From the data below, return the exact lines starting at the line containing "by (rule Baire_closed_cover_ball[OF" and ending at the line containing "(simp add: mult_left_mono)", both included, and nothing else.
** Dataset entries follows **
(* Let $k$ and $r$ be positive integers, let $G$ be a graph with $\chi(G)\le r$, and let $P\subset V(G)$. Suppose $|\mathcal{D}_G(P,3)|\le \frac{1}{2}k(k+1)$. Then for each precoloring $d\colon P\to[r+1]$ of $P$ in $G$, there exists a proper coloring $f\colon V(G)\to[r+k]$ of $G$ with $f(u)=d(u)$ for each $u\in P$.
   Context: For a graph $G$, $P\subset V(G)$ and a positive integer $k$, $\mathcal{D}_G(P,k)=\{\{x,y\}\subset P: x\ne y,\ d_G(x,y)\le k\}$, where $d_G$ is the distance in $G$. For a positive integer $m$, $[m]=\{1,\dots,m\}$. A precoloring of $P$ in $G$ is a proper coloring of the induced subgraph $G[P]$. *)

theory Defs
  imports Main
begin

definition graph :: "'a set \<Rightarrow> ('a \<Rightarrow> 'a \<Rightarrow> bool) \<Rightarrow> bool" where
  "graph V E \<longleftrightarrow> finite V \<and> (\<forall>u v. E u v \<longrightarrow> u \<in> V \<and> v \<in> V)
     \<and> (\<forall>u v. E u v \<longrightarrow> E v u) \<and> (\<forall>u. \<not> E u u)"

inductive walk :: "('a \<Rightarrow> 'a \<Rightarrow> bool) \<Rightarrow> 'a \<Rightarrow> 'a \<Rightarrow> nat \<Rightarrow> bool" for E where
  walk_refl: "walk E x x 0"
| walk_step: "E x y \<Longrightarrow> walk E y z n \<Longrightarrow> walk E x z (Suc n)"

definition dist_le :: "('a \<Rightarrow> 'a \<Rightarrow> bool) \<Rightarrow> 'a \<Rightarrow> 'a \<Rightarrow> nat \<Rightarrow> bool" where
  "dist_le E x y k \<longleftrightarrow> (\<exists>n\<le>k. walk E x y n)"

definition close_pairs :: "('a \<Rightarrow> 'a \<Rightarrow> bool) \<Rightarrow> 'a set \<Rightarrow> nat \<Rightarrow> 'a set set" where
  "close_pairs E P k = {{x, y} | x y. x \<in> P \<and> y \<in> P \<and> x \<noteq> y \<and> dist_le E x y k}"
(* Let $k$ be an algebraically closed field of characteristic $0$ and let $v$ be a discrete valuation of $K_2=k((X_1,X_2))$ over $k$ (in the sense of the context) with value group $\mathbb{Z}$. Then, after a finite number of monoidal transformations and changes of coordinates, one obtains elements $Y_1,Y_2\in R_{\hat v}$ such that $k((Y_1,Y_2))\subset\widehat K_2$, the valuation $\hat v$ restricts to a valuation $v'$ of $k((Y_1,Y_2))$ extending $v$, and $v'$ is the usual order function of $k((Y_1,Y_2))$ (with respect to $Y_1,Y_2$).
   Context: $R_2=k[[X_1,X_2]]$ with maximal ideal $(X_1,X_2)$ and quotient field $K_2$. A discrete valuation of $K_2\mid k$ is a rank-one discrete valuation trivial on $k$ whose center in $R_2$ is $(X_1,X_2)$. $\widehat K_2$ is the completion of $K_2$ with respect to $v$, $\hat v$ the extension, $R_{\hat v}$ its valuation ring with maximal ideal $\mathfrak m_{\hat v}$. Monoidal transformation: $X_1\mapsto Y_1$, $X_2\mapsto Y_1Y_2$ (when $v(X_2)>v(X_1)$, variables possibly permuted); change of coordinates: $X_1\mapsto Y_1$, $X_2\mapsto Y_2+cY_1$ with $c\in R_{\hat v}\setminus\mathfrak m_{\hat v}$; new variables are regarded as elements of $R_{\hat v}$. The usual order function of $k((Y_1,Y_2))$ assigns to a nonzero power series its order (lowest total degree of a nonzero monomial), extended to the quotient field. *)

theory Defs
  imports "HOL-Computational_Algebra.Computational_Algebra"
begin

text \<open>R_2 = k[[X_1,X_2]] is the type 'k fps fps: an element f has coefficient
  f $ j $ i at the monomial X_1^i X_2^j; thus X_1 = fps_const fps_X and X_2 = fps_X.
  A discrete valuation with value group Z of K_2 = Frac(R_2) is determined by its
  restriction to R_2 minus 0; we record it as an int-valued function on R_2
  (the value at 0 is irrelevant, infinity by convention).\<close>

definition alg_closed_type :: "'k::field itself \<Rightarrow> bool" where
  "alg_closed_type _ \<longleftrightarrow> (\<forall>p::'k poly. 0 < degree p \<longrightarrow> (\<exists>x. poly p x = 0))"

abbreviation X1 :: "'k::field fps fps" where "X1 \<equiv> fps_const fps_X"
abbreviation X2 :: "'k::field fps fps" where "X2 \<equiv> fps_X"

text \<open>v is (the restriction to R_2 of) a discrete valuation of K_2 over k whose
  center in R_2 is the maximal ideal (X_1,X_2).\<close>
definition discrete_val_R2 :: "('k::field fps fps \<Rightarrow> int) \<Rightarrow> bool" where
  "discrete_val_R2 v \<longleftrightarrow>
     (\<forall>f g. f \<noteq> 0 \<longrightarrow> g \<noteq> 0 \<longrightarrow> v (f * g) = v f + v g) \<and>
     (\<forall>f g. f \<noteq> 0 \<longrightarrow> g \<noteq> 0 \<longrightarrow> f + g \<noteq> 0 \<longrightarrow> min (v f) (v g) \<le> v (f + g)) \<and>
     (\<forall>c. c \<noteq> 0 \<longrightarrow> v (fps_const (fps_const c)) = 0) \<and>
     (\<forall>f. f \<noteq> 0 \<longrightarrow> 0 \<le> v f) \<and>
     (\<forall>f. f \<noteq> 0 \<longrightarrow> (0 < v f \<longleftrightarrow> f $ 0 $ 0 = 0))"

text \<open>The value group v(K_2^*) = {v f - v g} is all of Z.\<close>
definition value_group_Z :: "('k::field fps fps \<Rightarrow> int) \<Rightarrow> bool" where
  "value_group_Z v \<longleftrightarrow> (\<exists>f g. f \<noteq> 0 \<and> g \<noteq> 0 \<and> v f = v g + 1)"

definition vge :: "('L::field \<Rightarrow> int) \<Rightarrow> 'L \<Rightarrow> int \<Rightarrow> bool" where
  "vge w x N \<longleftrightarrow> x = 0 \<or> N \<le> w x"

definition is_valuation :: "('L::field \<Rightarrow> int) \<Rightarrow> bool" where
  "is_valuation w \<longleftrightarrow>
     (\<forall>x y. x \<noteq> 0 \<longrightarrow> y \<noteq> 0 \<longrightarrow> w (x * y) = w x + w y) \<and>
     (\<forall>x y. x \<noteq> 0 \<longrightarrow> y \<noteq> 0 \<longrightarrow> x + y \<noteq> 0 \<longrightarrow> min (w x) (w y) \<le> w (x + y))"

definition v_cauchy :: "('L::field \<Rightarrow> int) \<Rightarrow> (nat \<Rightarrow> 'L) \<Rightarrow> bool" where
  "v_cauchy w s \<longleftrightarrow> (\<forall>N. \<exists>M. \<forall>m\<ge>M. \<forall>n\<ge>M. vge w (s m - s n) N)"

definition v_conv :: "('L::field \<Rightarrow> int) \<Rightarrow> (nat \<Rightarrow> 'L) \<Rightarrow> 'L \<Rightarrow> bool" where
  "v_conv w s l \<longleftrightarrow> (\<forall>N. \<exists>M. \<forall>n\<ge>M. vge w (s n - l) N)"

text \<open>(L, iota, w) is the completion of K_2 = Frac(R_2) with respect to v:
  iota is an injective ring homomorphism R_2 -> L (hence extends to K_2),
  w is a valuation on L extending v, L is complete, and K_2 is dense in L.
  This determines (L, w) up to unique isomorphism over K_2.\<close>
definition is_completion ::
  "('k::field fps fps \<Rightarrow> int) \<Rightarrow> ('k fps fps \<Rightarrow> 'L::field) \<Rightarrow> ('L \<Rightarrow> int) \<Rightarrow> bool" where
  "is_completion v \<iota> w \<longleftrightarrow>
     \<iota> 0 = 0 \<and> \<iota> 1 = 1 \<and> (\<forall>f g. \<iota> (f + g) = \<iota> f + \<iota> g) \<and>
     (\<forall>f g. \<iota> (f * g) = \<iota> f * \<iota> g) \<and> inj \<iota> \<and>
     is_valuation w \<and>
     (\<forall>f. f \<noteq> 0 \<longrightarrow> w (\<iota> f) = v f) \<and>
     (\<forall>s. v_cauchy w s \<longrightarrow> (\<exists>l. v_conv w s l)) \<and>
     (\<forall>x N. \<exists>f g. g \<noteq> 0 \<and> vge w (x - \<iota> f / \<iota> g) N)"
section \<open>Density of the weak*-strongly exposing points\<close>

lemma (in proper_wstar_lsc) conj_bounded_on_ball_inside:
  assumes "open U" "U \<noteq> {}" "U \<subseteq> edom (conj_X g)"
  obtains z s M L where "conj_bounded_on_ball g z s M L" "ball z (2 * s) \<subseteq> U"
proof -
  have "U \<subseteq> (\<Union>k::nat. {x. conj_X g x \<le> ereal (real k)})"
  proof
    fix x assume "x \<in> U"
    then obtain v where "conj_X g x = ereal v"
      using assms(3) conj_X_gt_minf[of x] unfolding edom_def by (cases "conj_X g x") auto
    moreover obtain k :: nat where "v \<le> real k" using real_arch_simple by blast
    ultimately show "x \<in> (\<Union>k. {x. conj_X g x \<le> ereal (real k)})" by auto
  qed
  then obtain k z r where "r > 0" and ball: "ball z r \<subseteq> U \<inter> {x. conj_X g x \<le> ereal (real k)}"
    by (rule Baire_closed_cover_ball[OF assms(1,2) closed_conj_X_le])
  obtain q where "g q < \<infinity>" using proper unfolding proper_fun_def edom_def by blast
  then obtain G where G: "g q = ereal G" using g_gt_minf[of q] by (cases "g q") auto
  have "conj_bounded_on_ball g z (r / 2) (real k) (norm q * (norm z + r) + G)"
  proof unfold_locales
    show "r / 2 > 0" using \<open>r > 0\<close> by simp
    fix x assume x: "x \<in> ball z (2 * (r / 2))"
    then show "conj_X g x \<le> ereal (real k)" using ball by auto
    have "norm x \<le> norm z + r" using x norm_triangle_ineq2[of x z] by (simp add: dist_norm norm_minus_commute)
    then have "norm q * norm x \<le> norm q * (norm z + r)" by (simp add: mult_left_mono)
    moreover have "- blinfun_apply q x \<le> norm q * norm x"
      by (metis abs_le_D2 norm_blinfun real_norm_def)
    ultimately have "- blinfun_apply q x \<le> norm q * (norm z + r)" by linarith
    then have "ereal (- (norm q * (norm z + r) + G)) \<le> conj_term g x q" using G by simp
    also have "\<dots> \<le> conj_X g x" by (rule conj_term_le_conj_X)
    finally show "ereal (- (norm q * (norm z + r) + G)) \<le> conj_X g x" .
  qed
  moreover have "ball z (2 * (r / 2)) \<subseteq> U" using ball by auto
  ultimately show ?thesis by (rule that)
qed
(* For every Tychonoff space $X$, the following are equivalent: (1) $C_p(X)\models U_{fin}(\Gamma_f,\Gamma_f)$ for every $f\in C_p(X)$; (2) $X\models U_{fin}(\Gamma_F,\Gamma)$.
   Context: All spaces are Tychonoff; $C_p(X)$ is $C(X)$ with pointwise convergence topology. For $f\in C_p(X)$, $\Gamma_f$ is the family of infinite $A\subseteq C(X)$ with $f\notin A$ such that every neighbourhood of $f$ contains all but finitely many elements of $A$. $C_p(X)\models U_{fin}(\Gamma_f,\Gamma_f)$ means: for every sequence $(S_n)_{n\in\omega}$ of elements of $\Gamma_f$ there are finite $\mathcal F_n\subseteq S_n$ such that for every finite $K=\{x_1,\dots,x_k\}\subseteq X$ and $\varepsilon>0$ there is $n'$ such that for every $n>n'$ and each $j\le k$ some $g\in\mathcal F_n$ satisfies $|g(x_j)-f(x_j)|<\varepsilon$. Zero-set: $g^{-1}(0)$, $g\in C(X)$; cozero-set: its complement. A cover $\mathcal U$ of $X$ always means $X=\bigcup\mathcal U$, $X\notin\mathcal U$; $\gamma$-cover: infinite, each point in all but finitely many members. $\Gamma_F$: $\gamma$-covers $\mathcal U$ of $X$ by cozero-sets for which there are zero-sets $F(U)\subseteq U$ ($U\in\mathcal U$) with $\{F(U):U\in\mathcal U\}$ a $\gamma$-cover of $X$. $X\models U_{fin}(\Gamma_F,\Gamma)$: whenever $\mathcal U_n\in\Gamma_F$ ($n\in\omega$) and no $\mathcal U_n$ contains a finite subcover, there are finite $\mathcal F_n\subseteq\mathcal U_n$ such that each point of $X$ belongs to $\bigcup\mathcal F_n$ for all but finitely many $n$. *)

theory Defs
  imports "HOL-Analysis.Analysis"
begin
** End of Dataset entries **
Exercise answer:
    by (rule Baire_closed_cover_ball[OF assms(1,2) closed_conj_X_le])
  obtain q where "g q < \<infinity>" using proper unfolding proper_fun_def edom_def by blast
  then obtain G where G: "g q = ereal G" using g_gt_minf[of q] by (cases "g q") auto
  have "conj_bounded_on_ball g z (r / 2) (real k) (norm q * (norm z + r) + G)"
  proof unfold_locales
    show "r / 2 > 0" using \<open>r > 0\<close> by simp
    fix x assume x: "x \<in> ball z (2 * (r / 2))"
    then show "conj_X g x \<le> ereal (real k)" using ball by auto
    have "norm x \<le> norm z + r" using x norm_triangle_ineq2[of x z] by (simp add: dist_norm norm_minus_commute)
    then have "norm q * norm x \<le> norm q * (norm z + r)" by (simp add: mult_left_mono)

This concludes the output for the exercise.